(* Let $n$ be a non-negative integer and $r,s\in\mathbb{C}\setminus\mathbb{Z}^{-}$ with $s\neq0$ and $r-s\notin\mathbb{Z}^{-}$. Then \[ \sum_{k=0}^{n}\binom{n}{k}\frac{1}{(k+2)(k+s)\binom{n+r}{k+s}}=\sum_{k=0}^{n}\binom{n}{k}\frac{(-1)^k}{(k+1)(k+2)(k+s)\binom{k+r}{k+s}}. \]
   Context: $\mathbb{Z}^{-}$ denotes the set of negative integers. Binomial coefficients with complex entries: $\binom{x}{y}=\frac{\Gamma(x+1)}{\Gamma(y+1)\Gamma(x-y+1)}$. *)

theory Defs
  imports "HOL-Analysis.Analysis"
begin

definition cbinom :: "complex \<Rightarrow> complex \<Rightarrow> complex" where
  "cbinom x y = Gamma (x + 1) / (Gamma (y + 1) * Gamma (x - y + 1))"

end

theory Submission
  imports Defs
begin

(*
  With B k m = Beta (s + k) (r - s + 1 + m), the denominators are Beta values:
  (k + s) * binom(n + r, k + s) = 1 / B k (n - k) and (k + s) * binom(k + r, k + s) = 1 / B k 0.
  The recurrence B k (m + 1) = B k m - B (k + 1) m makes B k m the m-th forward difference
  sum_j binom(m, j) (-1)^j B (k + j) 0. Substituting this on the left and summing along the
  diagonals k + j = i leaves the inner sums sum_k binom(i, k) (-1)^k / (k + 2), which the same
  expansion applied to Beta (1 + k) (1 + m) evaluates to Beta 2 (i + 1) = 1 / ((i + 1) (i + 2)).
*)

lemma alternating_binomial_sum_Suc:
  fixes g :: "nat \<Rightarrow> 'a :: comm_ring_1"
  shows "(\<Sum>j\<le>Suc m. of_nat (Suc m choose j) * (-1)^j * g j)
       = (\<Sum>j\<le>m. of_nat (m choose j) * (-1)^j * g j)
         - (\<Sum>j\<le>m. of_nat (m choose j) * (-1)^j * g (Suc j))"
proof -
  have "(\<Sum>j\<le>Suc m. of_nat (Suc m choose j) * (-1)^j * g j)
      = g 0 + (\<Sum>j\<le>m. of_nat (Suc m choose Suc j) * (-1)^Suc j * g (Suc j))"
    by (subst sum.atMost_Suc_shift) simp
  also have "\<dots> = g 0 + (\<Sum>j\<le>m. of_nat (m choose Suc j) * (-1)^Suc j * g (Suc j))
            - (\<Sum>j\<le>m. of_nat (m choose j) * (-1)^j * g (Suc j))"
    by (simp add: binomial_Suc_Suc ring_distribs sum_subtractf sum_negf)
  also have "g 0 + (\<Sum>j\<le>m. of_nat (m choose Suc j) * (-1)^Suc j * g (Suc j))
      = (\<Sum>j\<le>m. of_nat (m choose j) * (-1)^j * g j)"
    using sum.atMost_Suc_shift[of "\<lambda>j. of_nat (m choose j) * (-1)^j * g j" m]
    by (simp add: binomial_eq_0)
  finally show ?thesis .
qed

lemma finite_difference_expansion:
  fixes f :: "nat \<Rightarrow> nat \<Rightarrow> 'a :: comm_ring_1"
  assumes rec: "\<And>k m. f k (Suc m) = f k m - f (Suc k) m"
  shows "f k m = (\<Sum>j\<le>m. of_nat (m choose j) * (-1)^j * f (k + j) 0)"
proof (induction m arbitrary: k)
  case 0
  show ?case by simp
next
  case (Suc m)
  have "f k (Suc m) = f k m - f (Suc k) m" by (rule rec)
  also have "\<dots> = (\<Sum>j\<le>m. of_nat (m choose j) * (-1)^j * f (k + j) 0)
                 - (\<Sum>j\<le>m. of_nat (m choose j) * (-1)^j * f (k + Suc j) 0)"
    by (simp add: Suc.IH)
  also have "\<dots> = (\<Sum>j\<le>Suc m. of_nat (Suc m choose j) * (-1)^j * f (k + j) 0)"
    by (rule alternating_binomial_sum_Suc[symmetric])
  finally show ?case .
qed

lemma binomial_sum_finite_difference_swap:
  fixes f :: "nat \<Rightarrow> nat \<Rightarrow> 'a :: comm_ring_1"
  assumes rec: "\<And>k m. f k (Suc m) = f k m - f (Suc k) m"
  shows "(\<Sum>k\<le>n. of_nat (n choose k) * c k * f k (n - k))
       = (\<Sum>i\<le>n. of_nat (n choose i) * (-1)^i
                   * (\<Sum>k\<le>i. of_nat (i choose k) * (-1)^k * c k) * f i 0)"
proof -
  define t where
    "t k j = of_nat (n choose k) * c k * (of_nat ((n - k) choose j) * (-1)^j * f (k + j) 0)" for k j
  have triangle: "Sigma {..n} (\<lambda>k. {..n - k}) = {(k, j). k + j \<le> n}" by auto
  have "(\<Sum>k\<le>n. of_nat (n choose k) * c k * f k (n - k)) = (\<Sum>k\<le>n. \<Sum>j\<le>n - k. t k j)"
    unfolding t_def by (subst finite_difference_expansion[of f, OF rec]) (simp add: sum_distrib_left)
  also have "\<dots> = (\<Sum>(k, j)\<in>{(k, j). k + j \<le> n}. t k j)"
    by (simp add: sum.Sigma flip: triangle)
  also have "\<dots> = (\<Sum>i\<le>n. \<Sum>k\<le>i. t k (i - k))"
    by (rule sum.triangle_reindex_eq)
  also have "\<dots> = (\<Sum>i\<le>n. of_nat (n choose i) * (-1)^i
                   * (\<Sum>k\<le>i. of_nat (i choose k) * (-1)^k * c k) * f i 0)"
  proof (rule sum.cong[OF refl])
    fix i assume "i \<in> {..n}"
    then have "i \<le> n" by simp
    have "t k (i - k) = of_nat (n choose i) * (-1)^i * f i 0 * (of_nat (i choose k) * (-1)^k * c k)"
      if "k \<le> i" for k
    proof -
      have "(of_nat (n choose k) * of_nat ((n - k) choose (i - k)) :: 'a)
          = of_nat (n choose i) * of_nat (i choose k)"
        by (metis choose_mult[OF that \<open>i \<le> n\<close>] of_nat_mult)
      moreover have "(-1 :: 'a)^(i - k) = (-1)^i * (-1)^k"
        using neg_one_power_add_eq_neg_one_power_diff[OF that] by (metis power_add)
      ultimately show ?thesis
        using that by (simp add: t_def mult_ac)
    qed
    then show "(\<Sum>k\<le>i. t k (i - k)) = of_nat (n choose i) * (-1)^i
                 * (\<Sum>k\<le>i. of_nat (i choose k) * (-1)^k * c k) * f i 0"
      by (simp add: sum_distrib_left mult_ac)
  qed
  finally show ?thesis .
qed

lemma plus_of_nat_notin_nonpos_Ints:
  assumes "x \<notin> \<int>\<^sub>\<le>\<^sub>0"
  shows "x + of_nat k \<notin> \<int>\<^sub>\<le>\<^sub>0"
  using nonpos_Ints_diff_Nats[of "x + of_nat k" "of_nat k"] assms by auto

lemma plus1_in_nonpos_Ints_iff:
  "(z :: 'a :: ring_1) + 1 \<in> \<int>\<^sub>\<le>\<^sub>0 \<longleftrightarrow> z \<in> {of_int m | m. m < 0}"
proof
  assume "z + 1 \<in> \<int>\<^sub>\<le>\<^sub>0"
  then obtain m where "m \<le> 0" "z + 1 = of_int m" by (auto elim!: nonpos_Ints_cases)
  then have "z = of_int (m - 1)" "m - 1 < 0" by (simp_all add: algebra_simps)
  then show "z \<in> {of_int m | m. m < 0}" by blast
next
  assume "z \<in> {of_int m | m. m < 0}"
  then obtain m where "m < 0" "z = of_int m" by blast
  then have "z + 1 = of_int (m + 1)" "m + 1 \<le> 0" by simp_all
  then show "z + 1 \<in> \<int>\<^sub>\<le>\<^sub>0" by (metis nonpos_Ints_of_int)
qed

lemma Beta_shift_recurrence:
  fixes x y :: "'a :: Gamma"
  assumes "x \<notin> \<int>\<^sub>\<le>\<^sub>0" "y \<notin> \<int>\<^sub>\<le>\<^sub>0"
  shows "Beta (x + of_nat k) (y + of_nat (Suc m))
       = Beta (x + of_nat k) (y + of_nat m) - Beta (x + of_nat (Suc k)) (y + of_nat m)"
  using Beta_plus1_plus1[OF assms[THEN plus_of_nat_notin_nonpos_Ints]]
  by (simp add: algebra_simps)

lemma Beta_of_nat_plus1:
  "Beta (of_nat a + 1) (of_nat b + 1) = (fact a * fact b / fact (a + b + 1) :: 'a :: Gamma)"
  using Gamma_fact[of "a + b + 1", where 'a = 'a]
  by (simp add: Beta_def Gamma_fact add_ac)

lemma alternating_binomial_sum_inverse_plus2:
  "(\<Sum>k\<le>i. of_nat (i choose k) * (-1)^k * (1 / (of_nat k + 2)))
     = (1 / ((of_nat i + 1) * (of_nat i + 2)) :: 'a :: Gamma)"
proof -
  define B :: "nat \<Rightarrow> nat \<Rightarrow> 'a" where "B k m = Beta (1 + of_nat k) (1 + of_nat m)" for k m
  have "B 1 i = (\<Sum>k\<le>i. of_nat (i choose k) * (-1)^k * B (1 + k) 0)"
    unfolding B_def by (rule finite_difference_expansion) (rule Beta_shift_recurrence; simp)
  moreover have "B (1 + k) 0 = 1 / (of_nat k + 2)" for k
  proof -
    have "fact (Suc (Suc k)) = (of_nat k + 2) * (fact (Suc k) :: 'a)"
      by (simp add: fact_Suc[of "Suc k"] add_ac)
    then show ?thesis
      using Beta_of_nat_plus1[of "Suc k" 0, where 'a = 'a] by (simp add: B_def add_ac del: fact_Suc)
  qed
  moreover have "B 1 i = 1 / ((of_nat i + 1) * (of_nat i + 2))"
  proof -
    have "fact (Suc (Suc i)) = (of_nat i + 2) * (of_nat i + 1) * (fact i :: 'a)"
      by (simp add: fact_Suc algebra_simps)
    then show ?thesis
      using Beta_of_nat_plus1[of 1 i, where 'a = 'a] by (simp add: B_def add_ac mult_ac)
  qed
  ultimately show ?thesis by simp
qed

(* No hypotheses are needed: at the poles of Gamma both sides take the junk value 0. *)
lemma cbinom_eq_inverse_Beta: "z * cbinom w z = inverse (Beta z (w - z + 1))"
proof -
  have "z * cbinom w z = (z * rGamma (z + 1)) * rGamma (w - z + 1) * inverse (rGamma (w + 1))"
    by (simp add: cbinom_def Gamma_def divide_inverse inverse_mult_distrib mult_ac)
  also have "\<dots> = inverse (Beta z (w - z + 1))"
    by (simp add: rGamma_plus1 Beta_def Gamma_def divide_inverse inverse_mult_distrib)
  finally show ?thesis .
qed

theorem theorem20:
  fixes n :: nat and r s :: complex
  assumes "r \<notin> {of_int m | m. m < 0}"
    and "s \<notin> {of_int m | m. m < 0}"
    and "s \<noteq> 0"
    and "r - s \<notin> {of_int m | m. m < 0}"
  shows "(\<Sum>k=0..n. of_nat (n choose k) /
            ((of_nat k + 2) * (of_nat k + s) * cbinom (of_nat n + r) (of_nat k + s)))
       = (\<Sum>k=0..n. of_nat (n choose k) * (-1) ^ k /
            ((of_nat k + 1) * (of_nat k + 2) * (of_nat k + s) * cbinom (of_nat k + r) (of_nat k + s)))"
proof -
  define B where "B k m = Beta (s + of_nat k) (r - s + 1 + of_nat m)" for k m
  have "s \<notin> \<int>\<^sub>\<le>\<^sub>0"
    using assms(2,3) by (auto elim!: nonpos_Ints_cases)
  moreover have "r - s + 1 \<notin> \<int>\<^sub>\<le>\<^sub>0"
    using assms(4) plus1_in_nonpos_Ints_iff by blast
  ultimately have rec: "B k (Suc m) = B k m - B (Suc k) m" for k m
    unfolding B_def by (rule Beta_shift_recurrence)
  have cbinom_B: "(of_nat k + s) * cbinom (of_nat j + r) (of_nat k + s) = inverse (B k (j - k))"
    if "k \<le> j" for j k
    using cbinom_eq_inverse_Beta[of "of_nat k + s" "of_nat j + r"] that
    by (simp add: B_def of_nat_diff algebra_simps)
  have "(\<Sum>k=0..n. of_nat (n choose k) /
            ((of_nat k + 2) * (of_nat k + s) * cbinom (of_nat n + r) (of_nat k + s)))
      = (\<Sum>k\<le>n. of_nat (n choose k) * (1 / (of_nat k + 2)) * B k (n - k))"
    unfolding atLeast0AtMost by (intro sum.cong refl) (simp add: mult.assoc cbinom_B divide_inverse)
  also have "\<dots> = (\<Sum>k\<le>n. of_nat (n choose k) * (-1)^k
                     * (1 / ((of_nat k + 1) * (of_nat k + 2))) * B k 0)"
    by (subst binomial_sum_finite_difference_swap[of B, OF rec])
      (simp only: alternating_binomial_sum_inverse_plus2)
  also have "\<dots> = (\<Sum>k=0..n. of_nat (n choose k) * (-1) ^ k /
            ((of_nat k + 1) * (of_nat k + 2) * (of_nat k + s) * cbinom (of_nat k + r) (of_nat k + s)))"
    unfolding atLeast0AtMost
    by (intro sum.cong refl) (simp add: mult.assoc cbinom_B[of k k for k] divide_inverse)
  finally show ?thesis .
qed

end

* _Problem to solve_:
Search the preceding listing for "lambda", then copy every line that holds it.

* _Result of the exercise_:
    using sum.atMost_Suc_shift[of "\<lambda>j. of_nat (m choose j) * (-1)^j * g j" m]
  have triangle: "Sigma {..n} (\<lambda>k. {..n - k}) = {(k, j). k + j \<le> n}" by auto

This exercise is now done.